Action item –
Locate the word "else" in the entries below, then gather every line that holds it.

Stored data entries
= Beginning of Section =

lemma total_rec_const[rec_intros]: "total_rec (\<lambda>x. c)"
  by (induction c) (auto intro: total_rec_zero total_rec_Suc[of "\<lambda>x. _", simplified])

lemma total_rec2_fst: "total_rec F \<Longrightarrow> total_rec2 (\<lambda>x y. F x)"
proof -
  assume "total_rec F"
  then obtain rf where "\<And>x. eval rf [x] (F x)" unfolding total_rec_def by blast
  then have "\<And>x y. eval (Cn rf [Pj 0]) [x, y] (F x)" by (blast intro: eval_Cn1 eval_Pj0)
  then show ?thesis unfolding total_rec2_def by blast
qed

lemma total_rec2_snd: "total_rec F \<Longrightarrow> total_rec2 (\<lambda>x y. F y)"
proof -
  assume "total_rec F"
  then obtain rf where "\<And>x. eval rf [x] (F x)" unfolding total_rec_def by blast
  then have "\<And>x y. eval (Cn rf [Pj 1]) [x, y] (F y)" by (blast intro: eval_Cn1 eval_Pj1)
  then show ?thesis unfolding total_rec2_def by blast
qed

lemma total_rec2_add: "total_rec2 (\<lambda>x y. x + y)"
proof -
  have "eval (Pr (Pj 0) (Cn Sc [Pj 0])) [x, y] (x + y)" for x y
    using eval_Pr_iterate[of "Pj 0" "[y]" "\<lambda>n. n + y" "Cn Sc [Pj 0]" x]
    by (auto intro: eval_Pj0 eval_Cn1 ev_Sc)
  then show ?thesis unfolding total_rec2_def by blast
qed

lemma total_rec2_mult: "total_rec2 (\<lambda>x y. x * y)"
proof -
  obtain ra where ra: "\<And>x y. eval ra [x, y] (x + y)" using total_rec2_add unfolding total_rec2_def by blast
  have "eval (Pr Zr (Cn ra [Pj 0, Pj 2])) [x, y] (x * y)" for x y
  proof (rule eval_Pr_iterate[of Zr "[y]" "\<lambda>n. n * y"])
    show "eval Zr [y] (0 * y)" using ev_Zr by simp
    fix n show "eval (Cn ra [Pj 0, Pj 2]) [n * y, n, y] (Suc n * y)"
      using eval_Cn2[OF eval_Pj0 eval_Pj2 ra[of "n*y" y]] by (simp add: add.commute)
  qed
  then show ?thesis unfolding total_rec2_def by blast
qed

lemma total_rec2_compose2:
  "total_rec2 F \<Longrightarrow> total_rec2 G \<Longrightarrow> total_rec2 H \<Longrightarrow> total_rec2 (\<lambda>x y. F (G x y) (H x y))"
proof -
  assume "total_rec2 F" "total_rec2 G" "total_rec2 H"
  then obtain rf rg rh where "\<And>x y. eval rf [x, y] (F x y)" "\<And>x y. eval rg [x, y] (G x y)" "\<And>x y. eval rh [x, y] (H x y)"
    unfolding total_rec2_def by blast
  then have "\<And>x y. eval (Cn rf [rg, rh]) [x, y] (F (G x y) (H x y))" by (blast intro: eval_Cn2)
  then show ?thesis unfolding total_rec2_def by blast
qed

lemma total_rec2_proj1: "total_rec2 (\<lambda>x y. x)" using total_rec2_fst[OF total_rec_id] .
lemma total_rec2_proj2: "total_rec2 (\<lambda>x y. y)" using total_rec2_snd[OF total_rec_id] .

lemma total_rec2_const: "total_rec2 (\<lambda>x y. c)" using total_rec2_fst[OF total_rec_const] .

lemma total_rec_pred_fun: "total_rec (\<lambda>x. x - 1)"
proof -
  have "eval (Pr Zr (Pj 1)) [n] (n - 1)" for n
  proof (rule eval_Pr_iterate[of Zr "[]" "\<lambda>n. n - 1"])
    show "eval Zr [] (0 - 1)" using ev_Zr by simp
    fix n show "eval (Pj 1) [n - 1, n] (Suc n - 1)" using eval_Pj1[of "n - 1" n "[]"] by simp
  qed
  then show ?thesis unfolding total_rec_def by blast
qed

lemma total_rec2_diff: "total_rec2 (\<lambda>x y. x - y)"
proof -
  obtain rp where rp: "\<And>x. eval rp [x] (x - 1)" using total_rec_pred_fun unfolding total_rec_def by blast
  have "eval (Pr (Pj 0) (Cn rp [Pj 0])) [y, x] (x - y)" for x y
  proof (rule eval_Pr_iterate[of "Pj 0" "[x]" "\<lambda>n. x - n"])
    show "eval (Pj 0) [x] (x - 0)" using eval_Pj0[of x "[]"] by simp
    fix n show "eval (Cn rp [Pj 0]) [x - n, n, x] (x - Suc n)"
    proof -
      have e: "x - Suc n = (x - n) - 1" by simp
      show ?thesis unfolding e by (rule eval_Cn1[OF eval_Pj0 rp[of "x - n"]])
    qed
  qed
  then have "eval (Cn (Pr (Pj 0) (Cn rp [Pj 0])) [Pj 1, Pj 0]) [x, y] (x - y)" for x y
    by (blast intro: eval_Cn2 eval_Pj0 eval_Pj1)
  then show ?thesis unfolding total_rec2_def by blast
qed

lemma total_rec_triangle_fun: "total_rec triangle"
proof -
  obtain ra where ra: "\<And>x y. eval ra [x, y] (x + y)" using total_rec2_add unfolding total_rec2_def by blast
  have "eval (Pr Zr (Cn ra [Pj 0, Cn Sc [Pj 1]])) [n] (triangle n)" for n
  proof (rule eval_Pr_iterate[of Zr "[]" "triangle"])
    show "eval Zr [] (triangle 0)" using ev_Zr by simp
    fix n show "eval (Cn ra [Pj 0, Cn Sc [Pj 1]]) [triangle n, n] (triangle (Suc n))"
      using eval_Cn2[OF eval_Pj0 eval_Cn1[OF eval_Pj1 ev_Sc] ra[of "triangle n" "Suc n"]] by simp
  qed
  then show ?thesis unfolding total_rec_def by blast
qed

lemma total_rec_minimize:
  assumes "total_rec2 F" "\<And>x. \<exists>n. F n x = 0"
  shows "total_rec (\<lambda>x. LEAST n. F n x = 0)"
proof -
  obtain rf where rf: "\<And>x y. eval rf [x, y] (F x y)" using assms(1) unfolding total_rec2_def by blast
  have "eval (Mn rf) [x] (LEAST n. F n x = 0)" for x
  proof (rule ev_Mn)
    show "eval rf [LEAST n. F n x = 0, x] 0" using rf LeastI_ex[OF assms(2)[of x]] by metis
    show "\<forall>m<(LEAST n. F n x = 0). \<exists>v>0. eval rf [m, x] v"
      using rf not_less_Least by blast
  qed
  then show ?thesis unfolding total_rec_def by blast
qed

definition npair :: "nat \<Rightarrow> nat \<Rightarrow> nat" where "npair a b = prod_encode (a, b)"
definition nfst :: "nat \<Rightarrow> nat" where "nfst z = fst (prod_decode z)"
definition nsnd :: "nat \<Rightarrow> nat" where "nsnd z = snd (prod_decode z)"

lemma nfst_npair[simp]: "nfst (npair a b) = a" and nsnd_npair[simp]: "nsnd (npair a b) = b"
  by (simp_all add: nfst_def nsnd_def npair_def)
lemma npair_nfst_nsnd[simp]: "npair (nfst z) (nsnd z) = z"
  by (simp add: nfst_def nsnd_def npair_def)
lemma le_npair1: "a \<le> npair a b" and le_npair2: "b \<le> npair a b"
  by (simp_all add: npair_def le_prod_encode_1 le_prod_encode_2)
lemma nfst_le: "nfst z \<le> z" by (metis le_npair1 npair_nfst_nsnd)
lemma nsnd_le: "nsnd z \<le> z" by (metis le_npair2 npair_nfst_nsnd)
lemma npair_mono: "a \<le> c \<Longrightarrow> b \<le> d \<Longrightarrow> npair a b \<le> npair c d"
proof -
  assume "a \<le> c" "b \<le> d"
  have "triangle (a + b) \<le> triangle (c + d)" using \<open>a \<le> c\<close> \<open>b \<le> d\<close>
    unfolding triangle_def by (intro div_le_mono mult_le_mono) auto
  then show ?thesis using \<open>a \<le> c\<close> by (simp add: npair_def prod_encode_def)
qed
lemma le_triangle: "n \<le> triangle n" by (induction n) auto
lemma add_le_npair: "a + b \<le> npair a b"
  using le_triangle[of "a+b"] by (simp add: npair_def prod_encode_def)

lemma total_rec2_npair: "total_rec2 npair"
proof -
  have "npair = (\<lambda>x y. triangle (x + y) + x)" by (auto simp: npair_def prod_encode_def fun_eq_iff)
  moreover have "total_rec2 (\<lambda>x y. triangle (x + y))"
    using total_rec2_compose2[OF total_rec2_fst[OF total_rec_triangle_fun] total_rec2_add total_rec2_proj1] by simp
  then have "total_rec2 (\<lambda>x y. triangle (x + y) + x)"
    using total_rec2_compose2[OF total_rec2_add _ total_rec2_proj1] by blast
  ultimately show ?thesis by simp
qed

lemma triangle_mono: "m \<le> n \<Longrightarrow> triangle m \<le> triangle n"
  unfolding triangle_def by (intro div_le_mono mult_le_mono) auto

definition tri_inv :: "nat \<Rightarrow> nat" where "tri_inv z = (LEAST s. z < triangle (Suc s))"

lemma triangle_nfst_nsnd: "z = triangle (nfst z + nsnd z) + nfst z"
proof -
  have "z = npair (nfst z) (nsnd z)" by simp
  also have "\<dots> = triangle (nfst z + nsnd z) + nfst z" by (simp add: npair_def prod_encode_def)
  finally show ?thesis .
qed
lemma tri_inv_eq: "tri_inv z = nfst z + nsnd z"
proof -
  have z: "z = triangle (nfst z + nsnd z) + nfst z"
    by (rule triangle_nfst_nsnd)
  show ?thesis unfolding tri_inv_def
  proof (rule Least_equality)
    show "z < triangle (Suc (nfst z + nsnd z))" by (subst z) simp
    fix y assume "z < triangle (Suc y)"
    show "nfst z + nsnd z \<le> y"
    proof (rule ccontr)
      assume "\<not> ?thesis" then have "Suc y \<le> nfst z + nsnd z" by simp
      from triangle_mono[OF this] z \<open>z < triangle (Suc y)\<close> show False by linarith
    qed
  qed
qed

lemma nfst_tri_inv: "nfst z = z - triangle (tri_inv z)"
  unfolding tri_inv_eq using triangle_nfst_nsnd[of z] by linarith
lemma nsnd_tri_inv: "nsnd z = tri_inv z - nfst z"
  by (simp add: tri_inv_eq)

lemma total_rec_tri_inv_fun: "total_rec tri_inv"
proof -
  have "total_rec2 (\<lambda>n x. triangle (Suc n))"
    using total_rec2_fst[OF total_rec_compose[OF total_rec_triangle_fun total_rec_Suc[OF total_rec_id]]] .
  then have "total_rec2 (\<lambda>n x. 1 - (triangle (Suc n) - x))"
    by (rule total_rec2_compose2[OF total_rec2_diff total_rec2_const total_rec2_compose2[OF total_rec2_diff _ total_rec2_proj2]])
  moreover have "(\<lambda>n x. 1 - (triangle (Suc n) - x)) = (\<lambda>n x. if x < triangle (Suc n) then 0 else 1)"
    by (auto simp: fun_eq_iff)
  ultimately have c: "total_rec2 (\<lambda>n x. if x < triangle (Suc n) then 0 else 1)" by simp
  have "\<exists>n. (if x < triangle (Suc n) then 0 else 1) = (0::nat)" for x
    using le_triangle[of "Suc x"] by (intro exI[of _ x]) auto
  from total_rec_minimize[OF c this] show ?thesis
    unfolding tri_inv_def by (simp add: if_split_eq1 cong: if_cong) 
qed

definition decidable :: "(nat \<Rightarrow> bool) \<Rightarrow> bool" where
  "decidable P \<longleftrightarrow> total_rec (\<lambda>x. if P x then 1 else 0)"

lemma total_rec_add[rec_intros]:
  "total_rec F \<Longrightarrow> total_rec G \<Longrightarrow> total_rec (\<lambda>x. F x + G x)"
  by (rule total_rec2_compose[OF total_rec2_add])
lemma total_rec_mult[rec_intros]:
  "total_rec F \<Longrightarrow> total_rec G \<Longrightarrow> total_rec (\<lambda>x. F x * G x)"
  by (rule total_rec2_compose[OF total_rec2_mult])
lemma total_rec_diff[rec_intros]:
  "total_rec F \<Longrightarrow> total_rec G \<Longrightarrow> total_rec (\<lambda>x. F x - G x)"
  by (rule total_rec2_compose[OF total_rec2_diff])
lemma total_rec_npair[rec_intros]:
  "total_rec F \<Longrightarrow> total_rec G \<Longrightarrow> total_rec (\<lambda>x. npair (F x) (G x))"
  by (rule total_rec2_compose[OF total_rec2_npair])
lemma total_rec_triangle[rec_intros]: "total_rec F \<Longrightarrow> total_rec (\<lambda>x. triangle (F x))"
  by (rule total_rec_compose[OF total_rec_triangle_fun])
lemma total_rec_tri_inv[rec_intros]: "total_rec F \<Longrightarrow> total_rec (\<lambda>x. tri_inv (F x))"
  by (rule total_rec_compose[OF total_rec_tri_inv_fun])
lemma total_rec_nfst[rec_intros]: "total_rec F \<Longrightarrow> total_rec (\<lambda>x. nfst (F x))"
proof -
  assume a: "total_rec F"
  show ?thesis unfolding nfst_tri_inv by (rule total_rec_diff[OF a total_rec_triangle[OF total_rec_tri_inv[OF a]]])
qed
lemma total_rec_nsnd[rec_intros]: "total_rec F \<Longrightarrow> total_rec (\<lambda>x. nsnd (F x))"
proof -
  assume a: "total_rec F"
  show ?thesis unfolding nsnd_tri_inv by (rule total_rec_diff[OF total_rec_tri_inv[OF a] total_rec_nfst[OF a]])
qed
theorem Ga_square_after_F_commute:
  assumes "D\<^sub>l\<^sup>2 = GD2 (\<lambda>p q. Fa a c p q l) (\<lambda>p q. Fc a c p q l) i j k"
    and "D\<^sub>k\<^sup>2 = GD2 (\<lambda>p q. Fa a c p q k) (\<lambda>p q. Fc a c p q k) i j l"
  shows "(Ga D\<^sub>l (\<lambda>p q. Fa a c p q l) i j)\<^sup>2 = (Ga D\<^sub>k (\<lambda>p q. Fa a c p q k) i j)\<^sup>2"
  unfolding Ga_def power_divide assms by (rule GD2_after_F_commute)

end

(* The theorem also assumes D {p, q, r} \<noteq> 0. *)
locale white_vertex = four_directions +
  fixes b d :: "nat \<Rightarrow> nat \<Rightarrow> 'a::field_char_0" and D :: "nat set \<Rightarrow> 'a"
  assumes b_antisym: "antisym_data b" and d_antisym: "antisym_data d"
    and b_nonzero: "\<forall>p<4. \<forall>q<4. p \<noteq> q \<longrightarrow> b p q \<noteq> 0"
    and D_square: "\<forall>p q r. distinct3 p q r \<longrightarrow> (D {p, q, r})\<^sup>2 = GD2 b d p q r"
    and csum_Gc_nonzero: "\<forall>m p q r. distinct3 p q r \<and> m < 4 \<and> m \<notin> {p, q, r} \<longrightarrow>
      csum (\<lambda>x y. Gc b d x y m) p q r \<noteq> 0"
begin

lemmas b_swaps = antisym_swaps[OF b_antisym]
lemmas d_swaps = antisym_swaps[OF d_antisym]
lemmas b_nonzeros = nonzero_pairs[OF b_nonzero]

lemma swap_last_white: "white_vertex i j l k b d D"
  using swap_last b_antisym d_antisym b_nonzero D_square csum_Gc_nonzero
  unfolding white_vertex_def white_vertex_axioms_def by blast

lemma D_squares:
  "(D {j, k, l})\<^sup>2 = GD2 b d j k l" "(D {k, i, l})\<^sup>2 = GD2 b d k i l" "(D {i, j, l})\<^sup>2 = GD2 b d i j l"
  using D_square ijk l_less l_notin unfolding distinct3_def by auto

lemma csum_Gc:
  "csum (\<lambda>p q. Gc b d p q l) i j k = b k l * b l j / b j k + b i l * b l k / b k i + b j l * b l i / b i j"
  unfolding csum_def Gc_def d_swaps by (simp add: algebra_simps)

lemma csum_Gc_nonzero_ijk: "b k l * b l j / b j k + b i l * b l k / b k i + b j l * b l i / b i j \<noteq> 0"
  using csum_Gc_nonzero ijk l_less l_notin unfolding csum_Gc[symmetric] by blast

lemma scaled_csum_Gc_swap:
  "b j k * b k i * csum (\<lambda>p q. Gc b d p q l) i j k = b j l * b l i * csum (\<lambda>p q. Gc b d p q k) i j l"
  using b_nonzeros
  unfolding csum_Gc white_vertex.csum_Gc[OF swap_last_white] b_swaps
  by (simp add: field_simps)

theorem Fa_after_G_commute:
  "Fa (\<lambda>p q. Ga (D {p, q, l}) b p q) (\<lambda>p q. Gc b d p q l) i j k
   = Fa (\<lambda>p q. Ga (D {p, q, k}) b p q) (\<lambda>p q. Gc b d p q k) i j l"
proof -
  have "{j, l, k} = {j, k, l}" "{l, i, k} = {k, i, l}" by auto
  then show ?thesis
    using scaled_csum_Gc_swap unfolding Fa_def Ga_def
    by (simp add: divide_divide_eq_left mult.commute)
qed

lemma Fc_after_G:
  "Fc (\<lambda>p q. Ga (D {p, q, l}) b p q) (\<lambda>p q. Gc b d p q l) i j k
   = (b k l * b l j / b j k * (d k j + d i l + d l k) + b i l * b l k / b k i * (d i k + d k l + d l j)
      + b j l * b l i / b i j * d i j + (b k l * b l j / b j k) * (b i l * b l k / b k i) - (b k l)\<^sup>2)
     / csum (\<lambda>p q. Gc b d p q l) i j k"
proof -
  define y1 y2 y3
    where "y1 = b k l * b l j / b j k" and "y2 = b i l * b l k / b k i" and "y3 = b j l * b l i / b i j"
  have nz: "b j k \<noteq> 0" "b k i \<noteq> 0" "b i j \<noteq> 0"
    using b_nonzeros b_swaps by auto
  \<comment> \<open>Eliminating \<open>y3\<close> leaves the denominator as an atom whose nonvanishing is known.\<close>
  have y3: "y3 = csum (\<lambda>p q. Gc b d p q l) i j k - y1 - y2"
    unfolding csum_Gc y1_def y2_def y3_def by simp
  have c_part: "Gc b d j k l + Gc b d k i l - Gc b d i j l = 2 * (d i l - d j l) + y1 + y2 - y3"
    unfolding Gc_def y1_def y2_def y3_def d_swaps by simp
  have a_part: "GD2 b d j k l / (b j k)\<^sup>2 + GD2 b d k i l / (b k i)\<^sup>2 - GD2 b d i j l / (b i j)\<^sup>2
    = 2 * (b k l)\<^sup>2 + y1\<^sup>2 + y2\<^sup>2 - y3\<^sup>2
      + 2 * (y1 * csum d j k l + y2 * csum d k i l - y3 * csum d i j l)"
    unfolding GD2_div_square[of b j k, OF nz(1)] GD2_div_square[of b k i, OF nz(2)]
      GD2_div_square[of b i j, OF nz(3)]
    unfolding y1_def y2_def y3_def b_swaps
    by (simp add: algebra_simps power2_eq_square)
  show ?thesis
    using csum_Gc_nonzero_ijk
    unfolding Fc_def Ga_def power_divide D_squares
    unfolding c_part a_part y1_def[symmetric] y2_def[symmetric] y3_def[symmetric] csum_Gc[symmetric]
    unfolding y3 csum_def[of d] d_swaps
    by (simp add: field_simps power2_eq_square)
qed

theorem Fc_after_G_commute:
  "Fc (\<lambda>p q. Ga (D {p, q, l}) b p q) (\<lambda>p q. Gc b d p q l) i j k
   = Fc (\<lambda>p q. Ga (D {p, q, k}) b p q) (\<lambda>p q. Gc b d p q k) i j l"
  unfolding Fc_after_G white_vertex.Fc_after_G[OF swap_last_white]
proof (rule scaled_fractions_eq[OF _ scaled_csum_Gc_swap])
  show "b j k * b k i \<noteq> 0" "b j l * b l i \<noteq> 0"
    using b_nonzeros b_swaps by auto
qed (use b_nonzeros in \<open>simp add: b_swaps d_swaps field_simps power2_eq_square\<close>)

end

= End of Section =

Task output –
  moreover have "(\<lambda>n x. 1 - (triangle (Suc n) - x)) = (\<lambda>n x. if x < triangle (Suc n) then 0 else 1)"
  ultimately have c: "total_rec2 (\<lambda>n x. if x < triangle (Suc n) then 0 else 1)" by simp
  have "\<exists>n. (if x < triangle (Suc n) then 0 else 1) = (0::nat)" for x
  "decidable P \<longleftrightarrow> total_rec (\<lambda>x. if P x then 1 else 0)"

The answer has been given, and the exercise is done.